▶ [Work order]:
Using the data that follows, state the number of lines holding the word "mathrm", and give no other output.

··· Data for processing ···

(* Let $n \geq 1$, $i \in \mathbb{Z}_{\geq 1}$ and $B \subseteq [n]$. Then $\mathrm{Cons}(V_B, i) = \mathrm{Gov}(V_B, i)$.
   Context: $V_{[n]} = \mathbb{F}_2^n$ with basis $e_1,\dots,e_n$ and dual basis $\chi_1,\dots,\chi_n$. For $C \subseteq [n]$ and $i \geq 1$, $\widetilde{\mathrm{Multi}}(V_C, i)$ is the span (inside the space of multilinear maps $V_{[n]}^i \to \mathbb{F}_2$) of $\chi_{\tau(1)}\otimes\cdots\otimes\chi_{\tau(i)}$ over injective maps $\tau: \{1,\dots,i\} \to C$, where $(\chi_{h_1}\otimes\cdots\otimes\chi_{h_i})(\sigma_1,\dots,\sigma_i) = \prod_s\chi_{h_s}(\sigma_s)$. For $b \in \widetilde{\mathrm{Multi}}(V_C,i)$ and $j \in C$, $b(e_j, -)$ lies in $\widetilde{\mathrm{Multi}}(V_{C\setminus\{j\}}, i-1)$. Consistent tensors $\mathrm{Cons}(V_C, i) \subseteq \widetilde{\mathrm{Multi}}(V_C,i)$ are defined recursively: $\mathrm{Cons}(V_C,1)$ is the span of $\{\chi_x : x \in C\}$; $\mathrm{Cons}(V_C,2)$ consists of the $b$ with $b(\sigma_1,\sigma_2) = b(\sigma_2,\sigma_1)$ for all $\sigma_1,\sigma_2$; $\mathrm{Cons}(V_C,3)$ consists of the $b$ such that $b(e_j,-) \in \mathrm{Cons}(V_{C\setminus\{j\}},2)$ for all $j \in C$ and $b(\sigma_1,\sigma_2,\sigma_3)+b(\sigma_3,\sigma_1,\sigma_2)+b(\sigma_2,\sigma_3,\sigma_1)=0$ for all $\sigma_1,\sigma_2,\sigma_3 \in \{e_1,\dots,e_n\}$; for $i \geq 4$, $\mathrm{Cons}(V_C,i)$ consists of the $b$ such that $b(e_j,-) \in \mathrm{Cons}(V_{C\setminus\{j\}}, i-1)$ for all $j \in C$ and $b(e_{j_1}, e_{j_2}, -) = b(e_{j_2}, e_{j_1}, -)$ for all distinct $j_1, j_2 \in C$. Governing tensors: for $A \subseteq [n]$ with $\#A = i \geq 2$ and $x \in A$, $\phi_{(A,x)} = \sum_\tau \chi_{\tau(1)}\otimes\cdots\otimes\chi_{\tau(i)}$ over bijections $\tau:\{1,\dots,i\}\to A$ with $\tau(i-1)=x$ or $\tau(i)=x$; for $A=\{x\}$, $\phi_{(A,x)} = \chi_x$. $\mathrm{Gov}(V_C, i)$ is the span of $\phi_{(A,x)}$ over $A \subseteq C$ with $\#A = i$ and $x \in A$. *)

theory Defs
  imports Main "HOL-Library.Z2"
begin

text \<open>Vectors of V_[n] = F_2^n are functions nat => bit supported on {1..n}.
  A multilinear map V_[n]^i -> F_2 is a function on lists of vectors (of length i).\<close>

type_synonym vec = "nat \<Rightarrow> bit"
type_synonym mmap = "vec list \<Rightarrow> bit"

definition Vn :: "nat \<Rightarrow> vec set" where
  "Vn n = {\<sigma>. \<forall>k. k \<notin> {1..n} \<longrightarrow> \<sigma> k = 0}"

definition ebasis :: "nat \<Rightarrow> vec" where
  "ebasis j = (\<lambda>k. if k = j then 1 else 0)"

definition chi_tensor :: "nat list \<Rightarrow> mmap" where
  "chi_tensor hs = (\<lambda>\<sigma>s. \<Prod>s<length hs. (\<sigma>s ! s) (hs ! s))"

definition F2span :: "mmap set \<Rightarrow> mmap set" where
  "F2span G = {(\<lambda>\<sigma>s. \<Sum>t\<in>S. t \<sigma>s) | S. finite S \<and> S \<subseteq> G}"

text \<open>tau : {1..i} -> C injective, represented by the list [tau 1, ..., tau i].\<close>
definition MultiT :: "nat set \<Rightarrow> nat \<Rightarrow> mmap set" where
  "MultiT C i = F2span {chi_tensor hs | hs. length hs = i \<and> distinct hs \<and> set hs \<subseteq> C}"

definition papp :: "mmap \<Rightarrow> nat \<Rightarrow> mmap" where
  "papp b j = (\<lambda>\<sigma>s. b (ebasis j # \<sigma>s))"

fun ConsT :: "nat \<Rightarrow> nat set \<Rightarrow> nat \<Rightarrow> mmap set" where
  "ConsT n C 0 = {}"
| "ConsT n C (Suc 0) = F2span {chi_tensor [x] | x. x \<in> C}"
| "ConsT n C (Suc (Suc 0)) = {b \<in> MultiT C 2.
     \<forall>\<sigma>1 \<in> Vn n. \<forall>\<sigma>2 \<in> Vn n. b [\<sigma>1, \<sigma>2] = b [\<sigma>2, \<sigma>1]}"
| "ConsT n C (Suc (Suc (Suc 0))) = {b \<in> MultiT C 3.
     (\<forall>j \<in> C. papp b j \<in> ConsT n (C - {j}) 2) \<and>
     (\<forall>\<sigma>1 \<in> ebasis ` {1..n}. \<forall>\<sigma>2 \<in> ebasis ` {1..n}. \<forall>\<sigma>3 \<in> ebasis ` {1..n}.
        b [\<sigma>1, \<sigma>2, \<sigma>3] + b [\<sigma>3, \<sigma>1, \<sigma>2] + b [\<sigma>2, \<sigma>3, \<sigma>1] = 0)}"
| "ConsT n C (Suc (Suc (Suc (Suc k)))) = {b \<in> MultiT C (Suc (Suc (Suc (Suc k)))).
     (\<forall>j \<in> C. papp b j \<in> ConsT n (C - {j}) (Suc (Suc (Suc k)))) \<and>
     (\<forall>j1 \<in> C. \<forall>j2 \<in> C. j1 \<noteq> j2 \<longrightarrow> papp (papp b j1) j2 = papp (papp b j2) j1)}"

text \<open>phi_(A,x): sum over bijections tau : {1..i} -> A (lists hs) with
  tau(i-1) = x or tau(i) = x (0-based positions i-2, i-1); phi_({x},x) = chi_x.\<close>
definition phi :: "nat set \<Rightarrow> nat \<Rightarrow> mmap" where
  "phi A x = (if card A = 1 then chi_tensor [x] else
     (\<lambda>\<sigma>s. \<Sum>hs \<in> {hs. distinct hs \<and> set hs = A \<and>
        (hs ! (card A - 2) = x \<or> hs ! (card A - 1) = x)}. chi_tensor hs \<sigma>s))"

definition Gov :: "nat set \<Rightarrow> nat \<Rightarrow> mmap set" where
  "Gov C i = F2span {phi A x | A x. A \<subseteq> C \<and> card A = i \<and> x \<in> A}"

end

(*
  Expand a multilinear map b in the basis chi_w, w running over the injective words of
  length i in B; its coefficients are c w = b(e_{w_1}, ..., e_{w_i}).  In these coordinates
  the recursive conditions defining Cons say exactly that c w depends only on the set of
  letters of w and the set of its last two letters, and that
  c(u x y z) + c(u z x y) + c(u y z x) = 0.
  The coefficient of phi_(A,x) at w is 1 iff w has letter set A and x is one of its last
  two letters, and these coefficients satisfy both conditions.  Conversely, given such a c,
  let a = min A and let h(A,t) be the value of c on words with letter set A ending in
  {a, t}, with h(A,a) = 0.  If w ends in y z with a not among them, moving a to the
  third-to-last place and applying the cyclic relation gives c w = h(A,y) + h(A,z); the
  same holds trivially if a is y or z.  Hence b is the sum of the h(A,x) phi_(A,x).
*)

theory Submission
  imports Defs
begin

section \<open>Linear spans over the two-element field\<close>

declare add_bit_eq_xor [simp del] mult_bit_eq_and [simp del]

lemma bit_add_self [simp]: "(x::bit) + x = 0"
  by (cases x) simp_all

lemma bit_add3_eq_0_iff: "(x::bit) + y + z = 0 \<longleftrightarrow> x = y + z"
  by (cases x; cases y; cases z) simp_all

lemma F2span_zero: "(\<lambda>\<sigma>s. 0) \<in> F2span G"
  unfolding F2span_def by (rule CollectI, rule exI[of _ "{}"]) simp

lemma F2span_base: "g \<in> G \<Longrightarrow> g \<in> F2span G"
  unfolding F2span_def by (rule CollectI, rule exI[of _ "{g}"]) simp

lemma sum_add_sum_eq_sum_sym_diff:
  fixes f :: "'a \<Rightarrow> bit"
  assumes "finite S" "finite T"
  shows "sum f S + sum f T = sum f ((S - T) \<union> (T - S))"
proof -
  have "sum f S + sum f T = (sum f (S \<inter> T) + sum f (S \<inter> T)) + (sum f (S - T) + sum f (T - S))"
    using assms sum.Int_Diff[of S f T] sum.Int_Diff[of T f S] by (simp add: Int_commute ac_simps)
  also have "\<dots> = sum f ((S - T) \<union> (T - S))"
    using assms by (subst sum.union_disjoint) auto
  finally show ?thesis .
qed

lemma F2span_add:
  assumes "b1 \<in> F2span G" "b2 \<in> F2span G"
  shows "(\<lambda>\<sigma>s. b1 \<sigma>s + b2 \<sigma>s) \<in> F2span G"
proof -
  obtain S T where S: "finite S" "S \<subseteq> G" "b1 = (\<lambda>\<sigma>s. \<Sum>t\<in>S. t \<sigma>s)"
    and T: "finite T" "T \<subseteq> G" "b2 = (\<lambda>\<sigma>s. \<Sum>t\<in>T. t \<sigma>s)"
    using assms unfolding F2span_def by blast
  have "(\<lambda>\<sigma>s. b1 \<sigma>s + b2 \<sigma>s) = (\<lambda>\<sigma>s. \<Sum>t\<in>(S - T) \<union> (T - S). t \<sigma>s)"
    using S T by (simp add: sum_add_sum_eq_sum_sym_diff)
  moreover have "finite ((S - T) \<union> (T - S))" "(S - T) \<union> (T - S) \<subseteq> G"
    using S T by auto
  ultimately show ?thesis
    unfolding F2span_def by blast
qed

lemma F2span_sum:
  assumes "finite I" "\<And>p. p \<in> I \<Longrightarrow> f p \<in> F2span G"
  shows "(\<lambda>\<sigma>s. \<Sum>p\<in>I. a p * f p \<sigma>s) \<in> F2span G"
  using assms
proof (induction I rule: finite_induct)
  case empty
  then show ?case by (simp add: F2span_zero)
next
  case (insert p I)
  then have IH: "(\<lambda>\<sigma>s. \<Sum>p\<in>I. a p * f p \<sigma>s) \<in> F2span G"
    by simp
  show ?case
  proof (cases "a p = 0")
    case True
    then show ?thesis using insert IH by simp
  next
    case False
    then show ?thesis
      using insert F2span_add[OF _ IH, of "f p"] by simp
  qed
qed

lemma F2span_minimal:
  assumes "(\<lambda>\<sigma>s. 0) \<in> V"
    and "\<And>b1 b2. b1 \<in> V \<Longrightarrow> b2 \<in> V \<Longrightarrow> (\<lambda>\<sigma>s. b1 \<sigma>s + b2 \<sigma>s) \<in> V"
    and "G \<subseteq> V"
  shows "F2span G \<subseteq> V"
proof
  fix b assume "b \<in> F2span G"
  then obtain S where S: "finite S" "S \<subseteq> G" "b = (\<lambda>\<sigma>s. \<Sum>t\<in>S. t \<sigma>s)"
    unfolding F2span_def by blast
  from S(1,2) have "(\<lambda>\<sigma>s. \<Sum>t\<in>S. t \<sigma>s) \<in> V"
  proof (induction S rule: finite_induct)
    case (insert t S)
    then show ?case using assms(2)[of t] assms(3) by auto
  qed (use assms(1) in simp)
  then show "b \<in> V" using S(3) by simp
qed

section \<open>Coordinates in the basis of injective words\<close>

definition inj_words :: "nat set \<Rightarrow> nat \<Rightarrow> nat list set" where
  "inj_words C k = {w. length w = k \<and> distinct w \<and> set w \<subseteq> C}"

definition coeff :: "mmap \<Rightarrow> nat list \<Rightarrow> bit" where
  "coeff b w = b (map ebasis w)"

definition tensor_of :: "nat set \<Rightarrow> nat \<Rightarrow> (nat list \<Rightarrow> bit) \<Rightarrow> mmap" where
  "tensor_of C k c = (\<lambda>\<sigma>s. \<Sum>w\<in>inj_words C k. c w * chi_tensor w \<sigma>s)"

lemma finite_inj_words: "finite C \<Longrightarrow> finite (inj_words C k)"
  by (rule finite_subset[OF _ finite_lists_length_eq[of C k]]) (auto simp: inj_words_def)

lemma Cons_in_inj_words_iff:
  "j # w \<in> inj_words C (Suc k) \<longleftrightarrow> j \<in> C \<and> w \<in> inj_words (C - {j}) k"
  by (auto simp: inj_words_def)

lemma inj_words_rotate:
  "u @ [x, y, z] \<in> inj_words C k \<Longrightarrow> u @ [z, x, y] \<in> inj_words C k \<and> u @ [y, z, x] \<in> inj_words C k"
  by (auto simp: inj_words_def)

lemma chi_tensor_Nil [simp]: "chi_tensor [] \<sigma>s = 1"
  by (simp add: chi_tensor_def)

lemma chi_tensor_Cons [simp]: "chi_tensor (a # w) (\<sigma> # \<sigma>s) = \<sigma> a * chi_tensor w \<sigma>s"
  unfolding chi_tensor_def length_Cons prod.lessThan_Suc_shift by simp

lemma chi_tensor_map_ebasis:
  "length v = length w \<Longrightarrow> chi_tensor v (map ebasis w) = (if v = w then 1 else 0)"
proof (induction v arbitrary: w)
  case (Cons a v)
  then obtain b u where "w = b # u" "length v = length u"
    by (cases w) auto
  with Cons.IH show ?case by (auto simp: ebasis_def)
qed simp

lemma coeff_tensor_of:
  assumes "finite C" "length w = k"
  shows "coeff (tensor_of C k c) w = (if w \<in> inj_words C k then c w else 0)"
proof -
  have "coeff (tensor_of C k c) w = (\<Sum>v\<in>inj_words C k. if v = w then c v else 0)"
    unfolding coeff_def tensor_of_def
    by (rule sum.cong) (auto simp: chi_tensor_map_ebasis assms(2) inj_words_def)
  then show ?thesis
    using finite_inj_words[OF assms(1)] by simp
qed

lemma tensor_of_in_MultiT:
  assumes "finite C"
  shows "tensor_of C k c \<in> MultiT C k"
  unfolding tensor_of_def MultiT_def
  by (rule F2span_sum[OF finite_inj_words[OF assms]]) (auto simp: inj_words_def intro!: F2span_base)

lemma tensor_of_cong:
  "(\<And>w. w \<in> inj_words C k \<Longrightarrow> c w = d w) \<Longrightarrow> tensor_of C k c = tensor_of C k d"
  unfolding tensor_of_def by (intro ext sum.cong) auto

lemma coeff_add: "coeff (\<lambda>\<sigma>s. b1 \<sigma>s + b2 \<sigma>s) w = coeff b1 w + coeff b2 w"
  by (simp add: coeff_def)

lemma tensor_of_coeff:
  assumes "finite C" and "b \<in> MultiT C k"
  shows "tensor_of C k (coeff b) = b"
proof -
  have "MultiT C k \<subseteq> {b. tensor_of C k (coeff b) = b}"
    unfolding MultiT_def
  proof (rule F2span_minimal)
    show "(\<lambda>\<sigma>s. 0) \<in> {b. tensor_of C k (coeff b) = b}"
      by (simp add: tensor_of_def coeff_def)
  next
    fix b1 b2 assume "b1 \<in> {b. tensor_of C k (coeff b) = b}" "b2 \<in> {b. tensor_of C k (coeff b) = b}"
    moreover have "tensor_of C k (coeff (\<lambda>\<sigma>s. b1 \<sigma>s + b2 \<sigma>s)) =
        (\<lambda>\<sigma>s. tensor_of C k (coeff b1) \<sigma>s + tensor_of C k (coeff b2) \<sigma>s)"
      by (simp add: tensor_of_def coeff_add distrib_right sum.distrib)
    ultimately show "(\<lambda>\<sigma>s. b1 \<sigma>s + b2 \<sigma>s) \<in> {b. tensor_of C k (coeff b) = b}"
      by simp
  next
    have "tensor_of C k (coeff (chi_tensor v)) = chi_tensor v" if "v \<in> inj_words C k" for v
    proof -
      have "tensor_of C k (coeff (chi_tensor v)) =
          (\<lambda>\<sigma>s. \<Sum>w\<in>inj_words C k. if v = w then chi_tensor w \<sigma>s else 0)"
        unfolding tensor_of_def coeff_def
        by (intro ext sum.cong) (use that in \<open>auto simp: chi_tensor_map_ebasis inj_words_def\<close>)
      then show ?thesis
        using that finite_inj_words[OF assms(1)] by simp
    qed
    then show "{chi_tensor hs |hs. length hs = k \<and> distinct hs \<and> set hs \<subseteq> C} \<subseteq>
        {b. tensor_of C k (coeff b) = b}"
      by (auto simp: inj_words_def)
  qed
  then show ?thesis using assms(2) by blast
qed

···

▶ [Answer box]:
2